From: Matthew Nicholas
Subject: Re: cross-correlation for image registration
Date: Thu, 16 Feb 2012 12:04:25 -0500

> Quoting Carnë Draug <address@hidden>:
>> On 15 February 2012 21:15, Matt Nicholas <address@hidden> wrote:
>>> Hello list,
>>> I'm a reasonably experienced MATLAB user who is trying to move to Octave.

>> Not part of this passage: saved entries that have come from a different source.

lemma interval_le_set_nn_integral_Iic:
  fixes G :: "real \<Rightarrow> real"
  assumes "a \<le> b" and "b \<le> x" and "0 \<le> c" and "\<And>t. a < t \<Longrightarrow> t \<le> b \<Longrightarrow> c \<le> G t"
  shows "ennreal (c * (b - a)) \<le> (\<integral>\<^sup>+t\<in>{..x}. ennreal (G t) \<partial>lborel)"
proof -
  have "ennreal (c * (b - a)) = (\<integral>\<^sup>+t. ennreal c * indicator {a<..b} t \<partial>lborel)"
    using assms(1,3) by (simp add: nn_integral_cmult_indicator ennreal_mult)
  also have "\<dots> \<le> (\<integral>\<^sup>+t\<in>{..x}. ennreal (G t) \<partial>lborel)"
    using assms(2,4) by (intro nn_integral_mono) (auto simp: indicator_def ennreal_leI)
  finally show ?thesis .
qed

lemma mono_left_continuous_sublevel_bound:
  fixes g :: "real \<Rightarrow> real"
  assumes "mono g" and "\<And>x. continuous (at_left x) g" and "g x0 < T" and "T \<le> g x1"
  shows "\<exists>a. {t. g t < T} \<subseteq> {..a} \<and> g a \<le> T"
proof -
  define S where "S = {t. g t < T}"
  have "bdd_above S"
  proof (rule bdd_aboveI)
    fix t assume "t \<in> S"
    show "t \<le> x1"
    proof (rule ccontr)
      assume "\<not> t \<le> x1"
      then have "g x1 \<le> g t" using assms(1) by (simp add: monoD)
      with \<open>t \<in> S\<close> assms(4) show False unfolding S_def by simp
    qed
  qed
  moreover have "S \<noteq> {}"
    using assms(3) unfolding S_def by auto
  ultimately have below_Sup: "\<exists>s\<in>S. t < s" if "t < Sup S" for t
    using that less_cSup_iff by blast
  have "eventually (\<lambda>t. g t \<le> T) (at_left (Sup S))"
  proof (rule eventually_at_leftI[of "Sup S - 1"])
    fix t assume "t \<in> {Sup S - 1<..<Sup S}"
    then obtain s where "s \<in> S" "t < s" using below_Sup by auto
    then have "g t \<le> g s" using assms(1) by (simp add: monoD)
    with \<open>s \<in> S\<close> show "g t \<le> T" unfolding S_def by simp
  qed simp
  moreover have "(g \<longlongrightarrow> g (Sup S)) (at_left (Sup S))"
    using assms(2) by (simp add: continuous_within)
  ultimately have "g (Sup S) \<le> T"
    using trivial_limit_at_left_real[of "Sup S"] by (intro tendsto_upperbound) (simp_all add: trivial_limit_def)
  moreover have "S \<subseteq> {..Sup S}"
    using \<open>bdd_above S\<close> by (auto intro: cSup_upper)
  ultimately show ?thesis
    unfolding S_def by blast
qed

lemma nstar_eqI:
  assumes "hits y T n" and "\<And>k. k < n \<Longrightarrow> \<not> hits y T k"
  shows "nstar y T = n"
  unfolding nstar_def
proof (rule the_equality)
  fix m assume "hits y T m \<and> (\<forall>k<m. \<not> hits y T k)"
  with assms show "m = n" by (meson linorder_neqE)
qed (use assms in blast)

>>> One task I frequently need to perform is image registration via cross
>>> correlation, which I used to do in MATLAB using the normxcorr2. Basically, I
>>> found the index of the maximum value in the correlation matrix, subtracted
>>> the width and height of the template image from these coordinates, and this
>>> gave me the shift of the template relative to the test image.  I have tried
>>> using xcorr2 in Octave with the 'coeff' flag, but the results are not what I
>>> would expect, and not very similar to normxcorr2 for the same images in
>>> MATLAB (to be honest, I am not terribly surprised, because for some reason I
>>> was never able to get this to work with xcorr2 in MATLAB either, but I
>>> simply switched to normxcorr2 years ago and forgot about it). So I am a
>>> little stuck. I've seen some previous discussion of this topic, with one
>>> user even offering to write an Octave version of normxcorr2, but it doesn't
>>> seem to have come to completion.
>>> Just to be clear, this is not a complaint that normxcorr2 is 'missing' in
>>> Octave. I am happy to change my approach if I can achieve similar results
>>> with another method. Since it's a common task, I figured I would ask for
>>> suggestions before trying to reinvent the wheel. Is there some appropriate
>>> method of normalizing the output of xcorr2 to achieve what I want? Honestly,
>>> I doubt this is a normalization issue, since the maximum value in the
>>> correlation matrix is not *located* where I would expect (regardless of its
>>> absolute magnitude). So a related question might be, does anyone know the
>>> difference between xcorr2 and normxcorr2 in MATLAB?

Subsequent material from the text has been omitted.